→ **Work to be completed**:
The entries underneath need to be duplicated exactly, with none omitted.

→ **Entries supplied**:
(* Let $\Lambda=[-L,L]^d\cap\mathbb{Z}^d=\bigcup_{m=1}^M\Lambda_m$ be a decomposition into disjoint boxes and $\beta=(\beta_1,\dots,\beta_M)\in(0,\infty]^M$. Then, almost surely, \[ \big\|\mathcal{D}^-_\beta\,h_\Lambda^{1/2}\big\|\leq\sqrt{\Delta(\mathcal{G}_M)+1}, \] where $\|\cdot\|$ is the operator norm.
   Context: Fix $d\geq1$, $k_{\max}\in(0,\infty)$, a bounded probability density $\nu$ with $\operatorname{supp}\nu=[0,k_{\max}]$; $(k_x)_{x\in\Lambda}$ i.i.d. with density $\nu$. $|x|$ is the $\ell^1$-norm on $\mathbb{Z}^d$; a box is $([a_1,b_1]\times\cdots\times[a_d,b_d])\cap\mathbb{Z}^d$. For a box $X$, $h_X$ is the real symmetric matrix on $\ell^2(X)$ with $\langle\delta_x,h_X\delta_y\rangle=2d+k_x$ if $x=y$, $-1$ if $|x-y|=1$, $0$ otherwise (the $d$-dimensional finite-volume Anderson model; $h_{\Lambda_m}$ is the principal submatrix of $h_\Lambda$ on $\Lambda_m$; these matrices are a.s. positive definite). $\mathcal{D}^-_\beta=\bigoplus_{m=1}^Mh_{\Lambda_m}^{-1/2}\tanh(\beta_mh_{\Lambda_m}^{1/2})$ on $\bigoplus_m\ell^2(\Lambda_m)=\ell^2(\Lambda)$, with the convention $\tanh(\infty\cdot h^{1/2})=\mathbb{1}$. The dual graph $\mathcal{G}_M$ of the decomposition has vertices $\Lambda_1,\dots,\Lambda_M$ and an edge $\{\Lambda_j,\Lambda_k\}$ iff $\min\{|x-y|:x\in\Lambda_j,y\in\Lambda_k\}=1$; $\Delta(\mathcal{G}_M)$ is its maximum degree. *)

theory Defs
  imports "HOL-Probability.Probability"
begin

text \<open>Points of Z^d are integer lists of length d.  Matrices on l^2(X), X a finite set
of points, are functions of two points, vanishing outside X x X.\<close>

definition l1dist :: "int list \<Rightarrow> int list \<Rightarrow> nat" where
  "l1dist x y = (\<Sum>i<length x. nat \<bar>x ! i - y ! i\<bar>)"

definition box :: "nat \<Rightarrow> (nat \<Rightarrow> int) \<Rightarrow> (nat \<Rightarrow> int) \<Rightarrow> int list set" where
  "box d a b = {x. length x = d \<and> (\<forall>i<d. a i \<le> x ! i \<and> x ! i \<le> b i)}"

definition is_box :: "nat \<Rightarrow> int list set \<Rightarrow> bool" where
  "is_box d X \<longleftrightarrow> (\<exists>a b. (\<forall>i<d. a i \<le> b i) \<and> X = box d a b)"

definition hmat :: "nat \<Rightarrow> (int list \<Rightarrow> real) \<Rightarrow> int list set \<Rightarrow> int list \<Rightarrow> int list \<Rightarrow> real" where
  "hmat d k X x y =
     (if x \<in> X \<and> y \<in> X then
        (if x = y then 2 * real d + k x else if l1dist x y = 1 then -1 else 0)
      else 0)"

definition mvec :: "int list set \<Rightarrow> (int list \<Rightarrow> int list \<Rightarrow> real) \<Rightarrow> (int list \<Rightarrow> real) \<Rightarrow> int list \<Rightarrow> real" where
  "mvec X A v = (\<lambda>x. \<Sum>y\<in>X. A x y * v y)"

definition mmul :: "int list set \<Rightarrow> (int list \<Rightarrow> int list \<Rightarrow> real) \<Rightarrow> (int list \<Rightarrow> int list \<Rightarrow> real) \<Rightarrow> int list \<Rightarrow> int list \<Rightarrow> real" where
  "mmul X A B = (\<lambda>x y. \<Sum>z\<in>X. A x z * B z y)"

→ **The answer**:
(* Let $\Lambda=[-L,L]^d\cap\mathbb{Z}^d=\bigcup_{m=1}^M\Lambda_m$ be a decomposition into disjoint boxes and $\beta=(\beta_1,\dots,\beta_M)\in(0,\infty]^M$. Then, almost surely, \[ \big\|\mathcal{D}^-_\beta\,h_\Lambda^{1/2}\big\|\leq\sqrt{\Delta(\mathcal{G}_M)+1}, \] where $\|\cdot\|$ is the operator norm.
   Context: Fix $d\geq1$, $k_{\max}\in(0,\infty)$, a bounded probability density $\nu$ with $\operatorname{supp}\nu=[0,k_{\max}]$; $(k_x)_{x\in\Lambda}$ i.i.d. with density $\nu$. $|x|$ is the $\ell^1$-norm on $\mathbb{Z}^d$; a box is $([a_1,b_1]\times\cdots\times[a_d,b_d])\cap\mathbb{Z}^d$. For a box $X$, $h_X$ is the real symmetric matrix on $\ell^2(X)$ with $\langle\delta_x,h_X\delta_y\rangle=2d+k_x$ if $x=y$, $-1$ if $|x-y|=1$, $0$ otherwise (the $d$-dimensional finite-volume Anderson model; $h_{\Lambda_m}$ is the principal submatrix of $h_\Lambda$ on $\Lambda_m$; these matrices are a.s. positive definite). $\mathcal{D}^-_\beta=\bigoplus_{m=1}^Mh_{\Lambda_m}^{-1/2}\tanh(\beta_mh_{\Lambda_m}^{1/2})$ on $\bigoplus_m\ell^2(\Lambda_m)=\ell^2(\Lambda)$, with the convention $\tanh(\infty\cdot h^{1/2})=\mathbb{1}$. The dual graph $\mathcal{G}_M$ of the decomposition has vertices $\Lambda_1,\dots,\Lambda_M$ and an edge $\{\Lambda_j,\Lambda_k\}$ iff $\min\{|x-y|:x\in\Lambda_j,y\in\Lambda_k\}=1$; $\Delta(\mathcal{G}_M)$ is its maximum degree. *)

theory Defs
  imports "HOL-Probability.Probability"
begin

text \<open>Points of Z^d are integer lists of length d.  Matrices on l^2(X), X a finite set
of points, are functions of two points, vanishing outside X x X.\<close>

definition l1dist :: "int list \<Rightarrow> int list \<Rightarrow> nat" where
  "l1dist x y = (\<Sum>i<length x. nat \<bar>x ! i - y ! i\<bar>)"

definition box :: "nat \<Rightarrow> (nat \<Rightarrow> int) \<Rightarrow> (nat \<Rightarrow> int) \<Rightarrow> int list set" where
  "box d a b = {x. length x = d \<and> (\<forall>i<d. a i \<le> x ! i \<and> x ! i \<le> b i)}"

definition is_box :: "nat \<Rightarrow> int list set \<Rightarrow> bool" where
  "is_box d X \<longleftrightarrow> (\<exists>a b. (\<forall>i<d. a i \<le> b i) \<and> X = box d a b)"

definition hmat :: "nat \<Rightarrow> (int list \<Rightarrow> real) \<Rightarrow> int list set \<Rightarrow> int list \<Rightarrow> int list \<Rightarrow> real" where
  "hmat d k X x y =
     (if x \<in> X \<and> y \<in> X then
        (if x = y then 2 * real d + k x else if l1dist x y = 1 then -1 else 0)
      else 0)"

definition mvec :: "int list set \<Rightarrow> (int list \<Rightarrow> int list \<Rightarrow> real) \<Rightarrow> (int list \<Rightarrow> real) \<Rightarrow> int list \<Rightarrow> real" where
  "mvec X A v = (\<lambda>x. \<Sum>y\<in>X. A x y * v y)"

definition mmul :: "int list set \<Rightarrow> (int list \<Rightarrow> int list \<Rightarrow> real) \<Rightarrow> (int list \<Rightarrow> int list \<Rightarrow> real) \<Rightarrow> int list \<Rightarrow> int list \<Rightarrow> real" where
  "mmul X A B = (\<lambda>x y. \<Sum>z\<in>X. A x z * B z y)"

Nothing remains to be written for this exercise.